■ Task description
From the top of the entries below through the line containing "(\<forall>r x. N", return every line exactly as written, please, and stop there.

■ The input
++++

(* Let $p\in(1,\infty)$ and let $Y$ be a Banach space admitting an equivalent norm with $(\beta)$-modulus of power type $p$. Then there is a constant $C=C(Y)>0$ such that for every integer $h\ge2$, $$c_Y(T^\omega_h)\ge C\,\log(h)^{1/p}.$$
   Context: For a Banach space $X$ with closed unit ball $B_X$ and a sequence $(y_n)_{n\ge1}$ in $X$, let $\mathrm{sep}[(y_n)]:=\inf\{\|y_m-y_n\|: m\neq n\}$. The $(\beta)$-modulus of a norm is $$\overline{\beta}_X(t):=1-\sup\Big\{\inf_{n\ge1}\tfrac{\|x+y_n\|}{2}\ :\ x\in B_X,\ (y_n)_{n\ge1}\subset B_X,\ \mathrm{sep}[(y_n)]\ge t\Big\},$$ and the norm has $(\beta)$-modulus of power type $p$ if there is $c>0$ with $\overline{\beta}_X(t)\ge ct^p$ for all $t\in(0,2]$. For a positive integer $h$, $T^\omega_h$ is the complete countably branching rooted tree of height $h$: every vertex at distance $<h$ from the root has countably infinitely many children, and vertices at distance $h$ from the root are leaves; it carries the unweighted shortest-path metric. The distortion of an injective map $f\colon (M,d_M)\to(N,d_N)$ is $\mathrm{dist}(f)=\mathrm{Lip}(f)\mathrm{Lip}(f^{-1})$, and $c_Y(M):=\inf\{\mathrm{dist}(f): f\colon M\to Y\text{ injective}\}$ (which is $+\infty$ if no bi-Lipschitz embedding exists). *)

theory Defs
  imports "HOL-Analysis.Analysis"
begin

definition is_norm :: "('a::real_vector \<Rightarrow> real) \<Rightarrow> bool" where
  "is_norm N \<longleftrightarrow> (\<forall>x. N x = 0 \<longleftrightarrow> x = 0) \<and> (\<forall>x y. N (x + y) \<le> N x + N y)
     \<and> (\<forall>r x. N (r *\<^sub>R x) = \<bar>r\<bar> * N x)"
definition is_hsl :: "'a hslat \<Rightarrow> bool" where
  "is_hsl A \<longleftrightarrow>
     one A \<in> carrier A \<and>
     (\<forall>x\<in>carrier A. \<forall>y\<in>carrier A. meet A x y \<in> carrier A \<and> imp A x y \<in> carrier A) \<and>
     (\<forall>x\<in>carrier A. meet A x x = x) \<and>
     (\<forall>x\<in>carrier A. \<forall>y\<in>carrier A. meet A x y = meet A y x) \<and>
     (\<forall>x\<in>carrier A. \<forall>y\<in>carrier A. \<forall>z\<in>carrier A.
        meet A (meet A x y) z = meet A x (meet A y z)) \<and>
     (\<forall>x\<in>carrier A. meet A x (one A) = x) \<and>
     (\<forall>x\<in>carrier A. \<forall>y\<in>carrier A. \<forall>z\<in>carrier A.
        leq A (meet A x y) z \<longleftrightarrow> leq A x (imp A y z))"

text \<open>Subobjects of A are (up to isomorphism) the subalgebras of A.\<close>
definition subalg :: "'a hslat \<Rightarrow> 'a set \<Rightarrow> bool" where
  "subalg A X \<longleftrightarrow> X \<subseteq> carrier A \<and> one A \<in> X \<and>
     (\<forall>x\<in>X. \<forall>y\<in>X. meet A x y \<in> X \<and> imp A x y \<in> X)"

definition hom_on :: "('a \<Rightarrow> 'b) \<Rightarrow> 'a set \<Rightarrow> 'a hslat \<Rightarrow> 'b hslat \<Rightarrow> bool" where
  "hom_on h X A B \<longleftrightarrow> (\<forall>x\<in>X. h x \<in> carrier B) \<and> h (one A) = one B \<and>
     (\<forall>x\<in>X. \<forall>y\<in>X. h (meet A x y) = meet B (h x) (h y) \<and> h (imp A x y) = imp B (h x) (h y))"

section \<open>Terms (elements of coproducts are represented by terms in generators)\<close>

datatype 'g tm = Gen 'g | One | Meet "'g tm" "'g tm" | Imp "'g tm" "'g tm"

fun gens :: "'g tm \<Rightarrow> 'g set" where
  "gens (Gen g) = {g}"
| "gens One = {}"
| "gens (Meet s t) = gens s \<union> gens t"
| "gens (Imp s t) = gens s \<union> gens t"

fun eval :: "'b hslat \<Rightarrow> ('g \<Rightarrow> 'b) \<Rightarrow> 'g tm \<Rightarrow> 'b" where
  "eval B v (Gen g) = v g"
| "eval B v One = one B"
| "eval B v (Meet s t) = meet B (eval B v s) (eval B v t)"
| "eval B v (Imp s t) = imp B (eval B v s) (eval B v t)"

text \<open>Generators of the coproduct X_0 + ... + X_(n-1) of subalgebras Xs of A:
  pairs (j, a) with j < n and a in X_j.\<close>
definition copr_gens :: "'a set list \<Rightarrow> (nat \<times> 'a) set" where
  "copr_gens Xs = {(j, a). j < length Xs \<and> a \<in> Xs ! j}"

text \<open>A term t over the generators represents an element of the cosmash product
  iff, for every k, its image in the coproduct of the X_j (j /= k) under the map that
  is 0 on X_k is the zero element 1.  An equation holds in that coproduct iff it holds
  under all homomorphic interpretations of the X_j (j /= k) in all Heyting semilattices;
  since this coproduct is a quotient of the term algebra over (nat \<times> 'a), it suffices
  to let B range over Heyting semilattices with carrier in ((nat \<times> 'a) tm) set.\<close>
definition in_cosmash :: "'a hslat \<Rightarrow> 'a set list \<Rightarrow> (nat \<times> 'a) tm \<Rightarrow> bool" where
  "in_cosmash A Xs t \<longleftrightarrow> gens t \<subseteq> copr_gens Xs \<and>
     (\<forall>k < length Xs. \<forall>(B :: ((nat \<times> 'a) tm set) hslat) h.
        is_hsl B \<and> (\<forall>j < length Xs. j \<noteq> k \<longrightarrow> hom_on (h j) (Xs ! j) A B) \<longrightarrow>
        eval B (\<lambda>(j, a). if j = k then one B else h j a) t = one B)"
(* For any $2\le r\le\infty$, $1\le k\le p+q+1$ and $\theta\in\Theta_\delta$, there exists a constant $K$ such that $\|\dot\lambda^t_k(\theta)\|_{\ell^r}\le K$ for all $t\ge1$.
   Context: Setting: $d_0\in(-1/2,1/2)$; $a(z)=1-\sum_{i=1}^pa_iz^i$, $b(z)=1-\sum_{i=1}^qb_iz^i$ have roots outside the unit disk, no common factors. For $\theta=(\theta_1,\dots,\theta_{p+q},d)$, $a_\theta(z)=1-\sum_{i=1}^p\theta_iz^i$, $b_\theta(z)=1-\sum_{j=1}^q\theta_{p+j}z^j$; $\Theta_\delta=\Theta^*_\delta\times[d_1,d_2]$ where $\Theta^*_\delta$ is the set of $(\theta_1,\dots,\theta_{p+q})$ with all roots of $a_\theta,b_\theta$ of modulus $\ge1+\delta$, $[d_1,d_2]\subset(-1/2,1/2)$, $d_1-d_0>-1/2$, $\theta_0=(a_1,\dots,a_p,b_1,\dots,b_q,d_0)\in\Theta_\delta$. $\gamma(\theta)$: coefficients of $b_\theta^{-1}(z)a_\theta(z)(1-z)^d$; $\eta(\theta_0)$: coefficients of $(1-z)^{-d_0}a_{\theta_0}^{-1}(z)b_{\theta_0}(z)$; $\gamma^t_i(\theta)=\gamma_i(\theta)$ for $i\le t-1$ and $0$ otherwise; $\dot\lambda^t_k(\theta)=\frac{\partial\gamma^t(\theta)}{\partial\theta_k}*\eta(\theta_0)$ (convolution of sequences, $\theta_{p+q+1}=d$). *)

theory Defs
  imports "HOL-Analysis.Analysis" "HOL-Computational_Algebra.Formal_Power_Series"
begin

(* Parameters theta :: nat => real, with theta 1..theta p the AR part,
   theta (p+1)..theta (p+q) the MA part and theta (p+q+1) = d. *)

definition a_fps :: "nat \<Rightarrow> (nat \<Rightarrow> real) \<Rightarrow> real fps" where
  "a_fps p \<theta> = 1 - Abs_fps (\<lambda>i. if 1 \<le> i \<and> i \<le> p then \<theta> i else 0)"

definition b_fps :: "nat \<Rightarrow> nat \<Rightarrow> (nat \<Rightarrow> real) \<Rightarrow> real fps" where
  "b_fps p q \<theta> = 1 - Abs_fps (\<lambda>j. if 1 \<le> j \<and> j \<le> q then \<theta> (p + j) else 0)"

(* (1 - z)^d as a formal power series (binomial series) *)
definition frac_fps :: "real \<Rightarrow> real fps" where
  "frac_fps d = Abs_fps (\<lambda>n. (-1) ^ n * (d gchoose n))"

definition a_poly :: "nat \<Rightarrow> (nat \<Rightarrow> real) \<Rightarrow> complex \<Rightarrow> complex" where
  "a_poly p \<theta> z = 1 - (\<Sum>i=1..p. complex_of_real (\<theta> i) * z ^ i)"

definition b_poly :: "nat \<Rightarrow> nat \<Rightarrow> (nat \<Rightarrow> real) \<Rightarrow> complex \<Rightarrow> complex" where
  "b_poly p q \<theta> z = 1 - (\<Sum>j=1..q. complex_of_real (\<theta> (p + j)) * z ^ j)"

definition in_Theta :: "nat \<Rightarrow> nat \<Rightarrow> real \<Rightarrow> real \<Rightarrow> real \<Rightarrow> (nat \<Rightarrow> real) \<Rightarrow> bool" where
  "in_Theta p q \<delta> d1 d2 \<theta> \<longleftrightarrow>
     (\<forall>z. a_poly p \<theta> z = 0 \<longrightarrow> 1 + \<delta> \<le> cmod z) \<and>
     (\<forall>z. b_poly p q \<theta> z = 0 \<longrightarrow> 1 + \<delta> \<le> cmod z) \<and>
     d1 \<le> \<theta> (p + q + 1) \<and> \<theta> (p + q + 1) \<le> d2"

definition gamma :: "nat \<Rightarrow> nat \<Rightarrow> (nat \<Rightarrow> real) \<Rightarrow> nat \<Rightarrow> real" where
  "gamma p q \<theta> i = fps_nth (inverse (b_fps p q \<theta>) * a_fps p \<theta> * frac_fps (\<theta> (p + q + 1))) i"

definition gamma_t :: "nat \<Rightarrow> nat \<Rightarrow> nat \<Rightarrow> (nat \<Rightarrow> real) \<Rightarrow> nat \<Rightarrow> real" where
  "gamma_t p q t \<theta> i = (if i + 1 \<le> t then gamma p q \<theta> i else 0)"

definition eta :: "nat \<Rightarrow> nat \<Rightarrow> (nat \<Rightarrow> real) \<Rightarrow> nat \<Rightarrow> real" where
  "eta p q \<theta>0 i = fps_nth (frac_fps (- \<theta>0 (p + q + 1)) * inverse (a_fps p \<theta>0) * b_fps p q \<theta>0) i"

definition dlambda :: "nat \<Rightarrow> nat \<Rightarrow> nat \<Rightarrow> nat \<Rightarrow> (nat \<Rightarrow> real) \<Rightarrow> (nat \<Rightarrow> real) \<Rightarrow> nat \<Rightarrow> real" where
  "dlambda p q t k \<theta> \<theta>0 n =
     (\<Sum>j\<le>n. deriv (\<lambda>x. gamma_t p q t (\<theta>(k := x)) j) (\<theta> k) * eta p q \<theta>0 (n - j))"

definition lr_norm :: "ereal \<Rightarrow> (nat \<Rightarrow> real) \<Rightarrow> ereal" where
  "lr_norm r x =
     (if r = \<infinity> then (SUP n. ereal \<bar>x n\<bar>)
      else if summable (\<lambda>n. \<bar>x n\<bar> powr real_of_ereal r)
      then ereal ((\<Sum>n. \<bar>x n\<bar> powr real_of_ereal r) powr (1 / real_of_ereal r))
      else \<infinity>)"

end

theory Submission
  imports Defs "HOL-Complex_Analysis.Complex_Analysis" "HOL-Real_Asymp.Real_Asymp"
begin

text \<open>
  The coefficients of \<open>(1 - z) powr x\<close> are \<open>O(n powr -(1 + x))\<close>, their derivatives in \<open>x\<close> lose
  only a logarithm, and the inverse of a polynomial without zeros in a disc of radius \<open>> 1\<close>
  has geometrically decaying coefficients. Hence \<open>\<partial>\<gamma>/\<partial>\<theta>\<^sub>k\<close> decays like \<open>n powr -\<alpha>\<close>
  and \<open>\<eta>\<close> like \<open>n powr -\<beta>\<close> for any \<open>\<alpha> < min 1 (1 + d)\<close>, \<open>\<beta> < min 1 (1 - d\<^sub>0)\<close>, and
  \<open>d - d\<^sub>0 > -1/2\<close> allows \<open>\<alpha> + \<beta> > 3/2\<close>. Truncating \<open>\<gamma>\<close> does not enlarge these
  coefficient bounds, and the convolution of \<open>n powr -\<alpha>\<close> with \<open>n powr -\<beta>\<close> is
  \<open>O(n powr (1 - \<alpha> - \<beta>))\<close>, whose exponent is below \<open>-1/2\<close>. Such a sequence lies in every
  \<open>\<ell>\<^sup>r\<close> with \<open>r \<ge> 2\<close>, with a bound independent of \<open>t\<close>.
\<close>

unbundle no vec_syntax

section \<open>Convolutions of power sequences\<close>

lemma sum_powr_le:
  fixes a :: real
  assumes "0 \<le> a" "a < 1"
  shows "(\<Sum>m\<le>n. (real m + 1) powr (-a)) \<le> (real n + 1) powr (1 - a) / (1 - a)"
proof (induction n)
  case 0
  then show ?case using assms by simp
next
  case (Suc n)
  have "\<exists>z>real n + 1. z < real n + 2 \<and> (real n + 2) powr (1 - a) - (real n + 1) powr (1 - a)
      = (real n + 2 - (real n + 1)) * ((1 - a) * z powr (1 - a - 1))"
    by (intro MVT2) (auto intro!: derivative_eq_intros)
  then obtain z where z: "real n + 1 < z" "z < real n + 2"
    "(real n + 2) powr (1 - a) - (real n + 1) powr (1 - a) = (1 - a) * z powr (- a)"
    by auto
  have "(real n + 2) powr (-a) \<le> z powr (-a)"
    by (rule powr_mono2') (use z assms in auto)
  with z assms have step: "(1 - a) * (real n + 2) powr (-a) \<le> (real n + 2) powr (1 - a) - (real n + 1) powr (1 - a)"
    by (simp add: mult_left_mono)
  have "(\<Sum>m\<le>Suc n. (real m + 1) powr (-a)) \<le> (real n + 1) powr (1 - a) / (1 - a) + (real n + 2) powr (-a)"
    using Suc by (simp add: add.commute)
  also have "\<dots> = ((real n + 1) powr (1 - a) + (1 - a) * (real n + 2) powr (-a)) / (1 - a)"
    using assms by (simp add: field_simps)
  also have "\<dots> \<le> (real n + 2) powr (1 - a) / (1 - a)"
    using step assms by (intro divide_right_mono) auto
  finally show ?case by (simp add: add.commute)
qed

lemma summable_powr_Suc:
  fixes c :: real
  assumes "1 < c"
  shows "summable (\<lambda>n. (real n + 1) powr (-c))"
proof -
  have "summable (\<lambda>n. real (Suc n) powr (-c))"
    using assms by (subst summable_Suc_iff) (simp add: summable_real_powr_iff)
  then show ?thesis by (simp add: add.commute)
qed

lemma powr_neg_le_of_double:
  fixes a :: real and m n :: nat
  assumes "0 \<le> a" "real n + 1 \<le> 2 * (real m + 1)"
  shows "(real m + 1) powr (-a) \<le> 2 powr a * (real n + 1) powr (-a)"
proof -
  have "(real n + 1) / 2 \<le> real m + 1"
    using assms(2) by simp
  then have "(real m + 1) powr (-a) \<le> ((real n + 1) / 2) powr (-a)"
    using assms(1) by (intro powr_mono2') auto
  also have "\<dots> = (real n + 1) powr (-a) / 2 powr (-a)"
    by (rule powr_divide)
  also have "\<dots> = 2 powr a * (real n + 1) powr (-a)"
    by (simp add: powr_minus divide_inverse)
  finally show ?thesis .
qed

lemma powr_neg_swap_le:
  fixes x y a b :: real
  assumes "0 < x" "x \<le> y" "a \<le> b"
  shows "y powr (-b) * x powr (-a) \<le> y powr (-a) * x powr (-b)"
proof -
  have "x powr (b - a) \<le> y powr (b - a)"
    using assms by (intro powr_mono2) auto
  have e: "x powr (-b) * x powr (b - a) = x powr (-a)" "y powr (-b) * y powr (b - a) = y powr (-a)"
    by (simp_all flip: powr_add)
  have "y powr (-b) * x powr (-a) = y powr (-b) * (x powr (-b) * x powr (b - a))"
    using e by simp
  also have "\<dots> \<le> y powr (-b) * (x powr (-b) * y powr (b - a))"
    using \<open>x powr (b - a) \<le> y powr (b - a)\<close> by (intro mult_left_mono) auto
  also have "\<dots> = y powr (-a) * x powr (-b)"
    using e by (simp add: mult_ac)
  finally show ?thesis .
qed

definition powr_conv :: "real \<Rightarrow> real \<Rightarrow> nat \<Rightarrow> real" where
  "powr_conv a b n = (\<Sum>m\<le>n. (real m + 1) powr (-a) * (real (n - m) + 1) powr (-b))"

lemma sum_atMost_reflect:
  fixes f :: "nat \<Rightarrow> real"
  shows "(\<Sum>m\<le>n. f (n - m)) = (\<Sum>m\<le>n. f m)"
  using sum.atLeastAtMost_rev[of f 0 n] by (simp add: atLeast0AtMost)

text \<open>Split according to which of \<open>m + 1\<close> and \<open>n - m + 1\<close> is at least \<open>(n + 1) / 2\<close>.\<close>

lemma powr_conv_term_le:
  fixes a b :: real
  assumes a: "0 \<le> a" and b: "0 \<le> b" and "m \<le> n"
  shows "(real m + 1) powr (-a) * (real (n - m) + 1) powr (-b)
    \<le> 2 powr a * (real n + 1) powr (-a) * (real (n - m) + 1) powr (-b)
      + 2 powr b * (real n + 1) powr (-b) * (real m + 1) powr (-a)"
proof (cases "real n + 1 \<le> 2 * (real m + 1)")
  case True
  then have "(real m + 1) powr (-a) * (real (n - m) + 1) powr (-b)
      \<le> 2 powr a * (real n + 1) powr (-a) * (real (n - m) + 1) powr (-b)"
    using powr_neg_le_of_double[where m = m and n = n] a by (intro mult_right_mono) auto
  moreover have "0 \<le> 2 powr b * (real n + 1) powr (-b) * (real m + 1) powr (-a)" by simp
  ultimately show ?thesis by linarith
next
  case False
  then have "real n + 1 \<le> 2 * (real (n - m) + 1)" using assms(3) by (simp add: of_nat_diff)
  then have "(real m + 1) powr (-a) * (real (n - m) + 1) powr (-b)
      \<le> 2 powr b * (real n + 1) powr (-b) * (real m + 1) powr (-a)"
    using powr_neg_le_of_double[where m = "n - m" and n = n] b
    by (subst mult.commute) (intro mult_right_mono, auto)
  moreover have "0 \<le> 2 powr a * (real n + 1) powr (-a) * (real (n - m) + 1) powr (-b)" by simp
  ultimately show ?thesis by linarith
qed

lemma powr_conv_le:
  fixes a b :: real
  assumes a: "0 < a" "a < 1" and b: "0 < b" "b < 1"
  shows "powr_conv a b n \<le> (2 powr a / (1 - b) + 2 powr b / (1 - a)) * (real n + 1) powr (-(a + b - 1))"
proof -
  let ?N = "real n + 1"
  have "powr_conv a b n \<le> (\<Sum>m\<le>n. 2 powr a * ?N powr (-a) * (real (n - m) + 1) powr (-b)
      + 2 powr b * ?N powr (-b) * (real m + 1) powr (-a))"
    unfolding powr_conv_def using a b by (intro sum_mono powr_conv_term_le) auto
  also have "\<dots> = 2 powr a * ?N powr (-a) * (\<Sum>m\<le>n. (real m + 1) powr (-b))
      + 2 powr b * ?N powr (-b) * (\<Sum>m\<le>n. (real m + 1) powr (-a))"
    by (simp only: sum.distrib sum_atMost_reflect[where f = "\<lambda>m. (real m + 1) powr (-b)"] flip: sum_distrib_left)
  also have "\<dots> \<le> 2 powr a * ?N powr (-a) * (?N powr (1 - b) / (1 - b))
      + 2 powr b * ?N powr (-b) * (?N powr (1 - a) / (1 - a))"
    using a b by (intro add_mono mult_left_mono sum_powr_le) auto
  also have "\<dots> = 2 powr a / (1 - b) * (?N powr (-a) * ?N powr (1 - b))
      + 2 powr b / (1 - a) * (?N powr (-b) * ?N powr (1 - a))"
    by (simp add: divide_inverse mult_ac)
  also have "\<dots> = (2 powr a / (1 - b) + 2 powr b / (1 - a)) * ?N powr (-(a + b - 1))"
  proof -
    have "?N powr (-a) * ?N powr (1 - b) = ?N powr (-(a + b - 1))"
      "?N powr (-b) * ?N powr (1 - a) = ?N powr (-(a + b - 1))"
      by (simp_all add: algebra_simps flip: powr_add)
    then show ?thesis by (simp only: distrib_right)
  qed
  finally show ?thesis .
qed
lemma smith_nfI:
  assumes M: "M \<in> carrier_mat n n" and equiv: "unimod_equiv n M D" and D: "D \<in> carrier_mat n n"
    and "\<And>i j. i < n \<Longrightarrow> j < n \<Longrightarrow> i \<noteq> j \<Longrightarrow> D $$ (i,j) = 0"
    and "\<And>i. i < n \<Longrightarrow> 0 \<le> D $$ (i,i)"
    and "\<And>i. i + 1 < n \<Longrightarrow> D $$ (i,i) dvd D $$ (i + 1, i + 1)"
  shows "smith_nf M D"
proof -
  have invertible: "invertible_mat P" if "P \<in> carrier_mat n n" "P' \<in> carrier_mat n n"
    "P * P' = 1\<^sub>m n" "P' * P = 1\<^sub>m n" for P P' :: "int mat"
    using that unfolding invertible_mat_def inverts_mat_def by auto
  obtain P P' Q Q' where "P \<in> carrier_mat n n" "P' \<in> carrier_mat n n" "Q \<in> carrier_mat n n"
    "Q' \<in> carrier_mat n n" "P * P' = 1\<^sub>m n" "P' * P = 1\<^sub>m n" "Q * Q' = 1\<^sub>m n" "Q' * Q = 1\<^sub>m n"
    "D = P * M * Q"
    using equiv unfolding unimod_equiv_def by blast
  with invertible have "\<exists>P Q. P \<in> carrier_mat n n \<and> Q \<in> carrier_mat n n \<and>
      invertible_mat P \<and> invertible_mat Q \<and> D = P * M * Q" by blast
  then show ?thesis using assms unfolding smith_nf_def by auto
qed

lemma smith_nf_elem_divs_unique:
  assumes M: "M \<in> carrier_mat n n" and S1: "smith_nf M D1" and S2: "smith_nf M D2"
    and nonzero: "\<And>i. i < n \<Longrightarrow> D1 $$ (i,i) \<noteq> 0"
  shows "elem_divs D2 = elem_divs D1"
proof -
  note D1 = smith_nf_diag_chain[OF S1 M] and D2 = smith_nf_diag_chain[OF S2 M]
  have equiv: "unimod_equiv n D1 D2"
    by (rule unimod_equiv_trans[OF D1(1) unimod_equiv_sym]) (use M S1 S2 smith_nf_unimod_equiv in auto)
  have "(\<Prod>i<k. D2 $$ (i,i)) = (\<Prod>i<k. D1 $$ (i,i))" if k: "k \<le> n" for k
  proof (rule zdvd_antisym_nonneg)
    show "0 \<le> (\<Prod>i<k. D2 $$ (i,i))" "0 \<le> (\<Prod>i<k. D1 $$ (i,i))"
      using D1(3) D2(3) k by (auto intro!: prod_nonneg)
    show "(\<Prod>i<k. D1 $$ (i,i)) dvd (\<Prod>i<k. D2 $$ (i,i))"
      by (rule unimod_equiv_leading_prod_dvd[OF equiv D1(1) D2(1) D1(2,4) D2(2) k])
    show "(\<Prod>i<k. D2 $$ (i,i)) dvd (\<Prod>i<k. D1 $$ (i,i))"
      by (rule unimod_equiv_leading_prod_dvd[OF unimod_equiv_sym[OF D1(1) equiv] D2(1) D1(1) D2(2,4) D1(2) k])
  qed
  then have "D2 $$ (i, i) = D1 $$ (i, i)" if "i < n" for i
    by (rule eq_of_prod_lessThan_eq[of n, OF _ nonzero that])
  then have diag_eq: "map (\<lambda>i. D2 $$ (i, i)) [0..<n] = map (\<lambda>i. D1 $$ (i, i)) [0..<n]"
    by (intro map_cong) auto
  have "dim_row D1 = n" "dim_col D1 = n" "dim_row D2 = n" "dim_col D2 = n"
    using D1(1) D2(1) by auto
  then show ?thesis by (simp only: elem_divs_def min.idem diag_eq)
qed

section \<open>Cyclotomic polynomials of prime powers\<close>

definition geom_poly :: "nat \<Rightarrow> nat \<Rightarrow> 'a :: comm_ring_1 poly" where
  "geom_poly p m = (\<Sum>a<p. monom 1 (a * m))"

lemma coeff_geom_poly:
  assumes "m > 0"
  shows "coeff (geom_poly p m :: 'a :: comm_ring_1 poly) k = (if m dvd k \<and> k < p * m then 1 else 0)"
proof -
  have "coeff (geom_poly p m :: 'a poly) k =
      (\<Sum>a<p. if a = k div m then (if m dvd k then 1 else 0) else (0::'a))"
    unfolding geom_poly_def coeff_sum
    by (rule sum.cong[OF refl]) (use assms in \<open>auto simp: coeff_monom\<close>)
  also have "\<dots> = (if k div m < p then (if m dvd k then 1 else 0) else 0)"
    by (simp add: sum.delta)
  finally show ?thesis
    using div_less_iff_less_mult[OF assms, of k p] by (auto simp: mult.commute)
qed

lemma degree_geom_poly:
  assumes "m > 0" "p > 0"
  shows "degree (geom_poly p m :: 'a :: comm_ring_1 poly) = (p - 1) * m"
    and "lead_coeff (geom_poly p m :: 'a :: comm_ring_1 poly) = 1"
proof -
  have top: "coeff (geom_poly p m :: 'a poly) ((p - 1) * m) = 1"
    using assms by (simp add: coeff_geom_poly)
  have "coeff (geom_poly p m :: 'a poly) k = 0" if "(p - 1) * m < k" for k
  proof -
    have "\<not> (m dvd k \<and> k < p * m)"
    proof
      assume "m dvd k \<and> k < p * m"
      then obtain c where c: "k = c * m" "c * m < p * m" by (auto elim!: dvdE simp: mult.commute)
      then have "p - 1 < c" "c < p" using that by simp_all
      then show False by simp
    qed
    then show ?thesis using assms by (simp add: coeff_geom_poly)
  qed
  then have "degree (geom_poly p m :: 'a poly) \<le> (p - 1) * m" by (intro degree_le) auto
  then show deg: "degree (geom_poly p m :: 'a poly) = (p - 1) * m"
    using le_degree[of "geom_poly p m :: 'a poly" "(p - 1) * m"] top by fastforce
  show "lead_coeff (geom_poly p m :: 'a poly) = 1" using top deg by simp
qed

lemma map_poly_of_int_geom_poly: "map_poly (of_int :: int \<Rightarrow> 'a :: comm_ring_1) (geom_poly p m) = geom_poly p m"
  by (rule poly_eqI) (auto simp: coeff_map_poly geom_poly_def coeff_sum intro!: sum.cong)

++++

■ Task output
(* Let $p\in(1,\infty)$ and let $Y$ be a Banach space admitting an equivalent norm with $(\beta)$-modulus of power type $p$. Then there is a constant $C=C(Y)>0$ such that for every integer $h\ge2$, $$c_Y(T^\omega_h)\ge C\,\log(h)^{1/p}.$$
   Context: For a Banach space $X$ with closed unit ball $B_X$ and a sequence $(y_n)_{n\ge1}$ in $X$, let $\mathrm{sep}[(y_n)]:=\inf\{\|y_m-y_n\|: m\neq n\}$. The $(\beta)$-modulus of a norm is $$\overline{\beta}_X(t):=1-\sup\Big\{\inf_{n\ge1}\tfrac{\|x+y_n\|}{2}\ :\ x\in B_X,\ (y_n)_{n\ge1}\subset B_X,\ \mathrm{sep}[(y_n)]\ge t\Big\},$$ and the norm has $(\beta)$-modulus of power type $p$ if there is $c>0$ with $\overline{\beta}_X(t)\ge ct^p$ for all $t\in(0,2]$. For a positive integer $h$, $T^\omega_h$ is the complete countably branching rooted tree of height $h$: every vertex at distance $<h$ from the root has countably infinitely many children, and vertices at distance $h$ from the root are leaves; it carries the unweighted shortest-path metric. The distortion of an injective map $f\colon (M,d_M)\to(N,d_N)$ is $\mathrm{dist}(f)=\mathrm{Lip}(f)\mathrm{Lip}(f^{-1})$, and $c_Y(M):=\inf\{\mathrm{dist}(f): f\colon M\to Y\text{ injective}\}$ (which is $+\infty$ if no bi-Lipschitz embedding exists). *)

theory Defs
  imports "HOL-Analysis.Analysis"
begin

definition is_norm :: "('a::real_vector \<Rightarrow> real) \<Rightarrow> bool" where
  "is_norm N \<longleftrightarrow> (\<forall>x. N x = 0 \<longleftrightarrow> x = 0) \<and> (\<forall>x y. N (x + y) \<le> N x + N y)
     \<and> (\<forall>r x. N (r *\<^sub>R x) = \<bar>r\<bar> * N x)"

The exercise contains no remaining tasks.